Но озими, величия полны,
спасаясь от лесного гарнизона,
готовы превратиться в валуны,
как нимфы из побасенок Назона.
Эгей, эгей! Холмистый край, ответь,
к кому здесь лучше присоединиться?
К погоне, за которую медведь?
К бегущим, за которых медуница?
В ответ -- рванье сырой галиматьи
ольшаника с водою в голенищах
да взвизгиванья чибиса -- судьи
осенних состязаний среди нищих.
1965, Норенская
--------
Мы возвращаемся с поля. Ветер
гремит перевёрнутыми колоколами вёдер,
коверкает голые прутья ветел,
бросает землю на валуны.
Лошади бьются среди оглобель
черными корзинами вздутых рёбер,
обращают оскаленный профиль
к ржавому зубью бороны.
Ветер сучит замерзший щавель,
пучит платки и косынки, шарит
в льняных подолах старух, превращает
их в тряпичные кочаны.
Харкая, кашляя, глядя долу,
словно ножницами по подолу,
бабы стригут сапогами к дому,
рвутся на свои топчаны.
В складках мелькают резинки ножниц.
Зрачки слезятся виденьем рожиц,
гонимых ветром в глаза колхозниц,
как ливень гонит подобья лиц
в голые стёкла.
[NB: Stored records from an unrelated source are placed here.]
theorem lemma3p1:
  fixes n r q :: nat and \<sigma> :: "nat multiset" and M :: "(nat \<times> nat) set set"
  assumes "is_partition \<sigma> r"
    and "is_max_matching n r q \<sigma> M"
  shows "\<exists>Mc. is_matching n r q \<sigma> Mc \<and> card Mc = card M \<and>
     (\<forall>E\<in>Mc. \<forall>i\<in>{1..n}. E \<inter> cls q i \<noteq> {} \<longrightarrow> consecutive q i (E \<inter> cls q i)) \<and>
     (\<forall>i\<in>{1..n}. \<exists>k. k \<le> q \<and>
        (cls q i - \<Union>Mc = top_k q i k \<or> cls q i - \<Union>Mc = bottom_k q i k) \<and>
        (cls q i - \<Union>Mc \<noteq> {} \<longrightarrow> consecutive q i (cls q i - \<Union>Mc)))"
proof -
  have "is_matching n r q \<sigma> M"
    using assms(2) unfolding is_max_matching_def by simp
  moreover from this have "finite M"
    using finite_verts unfolding is_matching_def sigma_edge_def
    by (meson PowI finite_Pow_iff finite_subset subsetI)
  then obtain es where es: "set es = M" "distinct es"
    using finite_distinct_list by blast
  ultimately have matching: "is_matching n r q \<sigma> (set es)"
    by simp
  show ?thesis
  proof (intro exI[of _ "stacked_matching es q n"] conjI ballI impI)
    show "is_matching n r q \<sigma> (stacked_matching es q n)"
      by (rule stacked_matching_is_matching[OF matching es(2)])
    show "card (stacked_matching es q n) = card M"
      unfolding es(1)[symmetric] by (rule card_stacked_matching[OF matching es(2)])
  next
    fix E i assume "E \<in> stacked_matching es q n" "i \<in> {1..n}" "E \<inter> cls q i \<noteq> {}"
    then show "consecutive q i (E \<inter> cls q i)"
      by (rule stacked_matching_consecutive[OF matching es(2)])
  next
    fix i assume "i \<in> {1..n}"
    then show "\<exists>k\<le>q. (cls q i - \<Union>(stacked_matching es q n) = top_k q i k \<or>
                         cls q i - \<Union>(stacked_matching es q n) = bottom_k q i k) \<and>
                 (cls q i - \<Union>(stacked_matching es q n) \<noteq> {} \<longrightarrow>
                    consecutive q i (cls q i - \<Union>(stacked_matching es q n)))"
      using uncovered_stacked_matching_bottom[OF matching es(2)] by blast
  qed
qed

end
Под боронами
борозды разбегаются пред валунами.
Ветер расшвыривает над волнами
рыхлого поля кулигу птиц.
Эти виденья -- последний признак
внутренней жизни, которой близок
всякий возникший снаружи призрак,
если его не спугнет вконец
благовест ступицы, лязг тележный,
вниз головой в колее колесной
перевернувшийся мир телесный,
реющий в тучах живой скворец.
Небо темней; не глаза, но грабли
первыми видят сырые кровли,
вырисовывающиеся на гребне
холма -- вернее, бугра вдали.
Три версты еще будет с лишним.
Дождь панует в просторе нищем,
и липнут к кирзовым голенищам
бурые комья родной земли.
1965
* Датировано по переводу в PS. -- С. В.
--------
Пришла весна. Наконец
в деревне у нас кузнец.
На нем литовский пиджак
и армейский кушак.
Новый кузнец у нас
по имени Альгердас.
Он в кузнице ест и пьет
и подковы кует.
Он носит, увы, кольцо.
Но делят усы лицо,
словно военный шрам,
пополам, пополам.
Он в кузнице ест и спит.
И видит во сне копыт
виноградную гроздь,
и видит во сне он гвоздь.
Кузнец, он дружит с огнем.
Приятно думать о нем
и смотреть ему вслед
девушке в двадцать лет!
1965, Норенская
--------
Булату Окуджаве
Ах, свобода, ах, свобода.
Ты -- пятое время года.
Ты -- листик на ветке ели.
Ты -- восьмой день недели.
Ах, свобода, ах, свобода.
У меня одна забота:
почему на свете нет завода,
где бы делалась свобода?
Даже если, как считал ученый,
ее делают из буквы черной,
не хватает нам бумаги белой.
Нет свободы, как ее ни делай.
Почему летает в небе птичка?
У нее, наверно, есть привычка.
Почему на свете нет завода,
где бы делалась свобода?
Даже если, как считал философ,
ее делают из нас, отбросов,
не хватает равенства и братства,
чтобы в камере одной собраться.
Почему не тонет в море рыбка?
Может быть, произошла ошибка?
Отчего, что птичке с рыбкой можно,
для простого человека сложно?
Ах, свобода, ах, свобода.
На тебя не наступает мода.
В чем гуляли мы и в чем сидели,
мы бы сняли и тебя надели.
Почему у дождевой у тучки
есть куда податься от могучей кучки?
Почему на свете нет завода,
где бы делалась свобода?
Ах, свобода, ах, свобода.
У тебя своя погода.
У тебя -- капризный климат.
Ты наступишь, но тебя не примут.
1965
Послесловие к стихотворению
Осенью 1990 г. готовилась в Москве телепередача с названием "Браво-90",
куда пригласили Бродского. В Москву поехать он не захотел. Я тогда снял
видеофильм с ним (в Швеции, где он в то время находился), которое показал в
телепередаче, куда пригласили и меня. Была также приглашена моя жена Е. С.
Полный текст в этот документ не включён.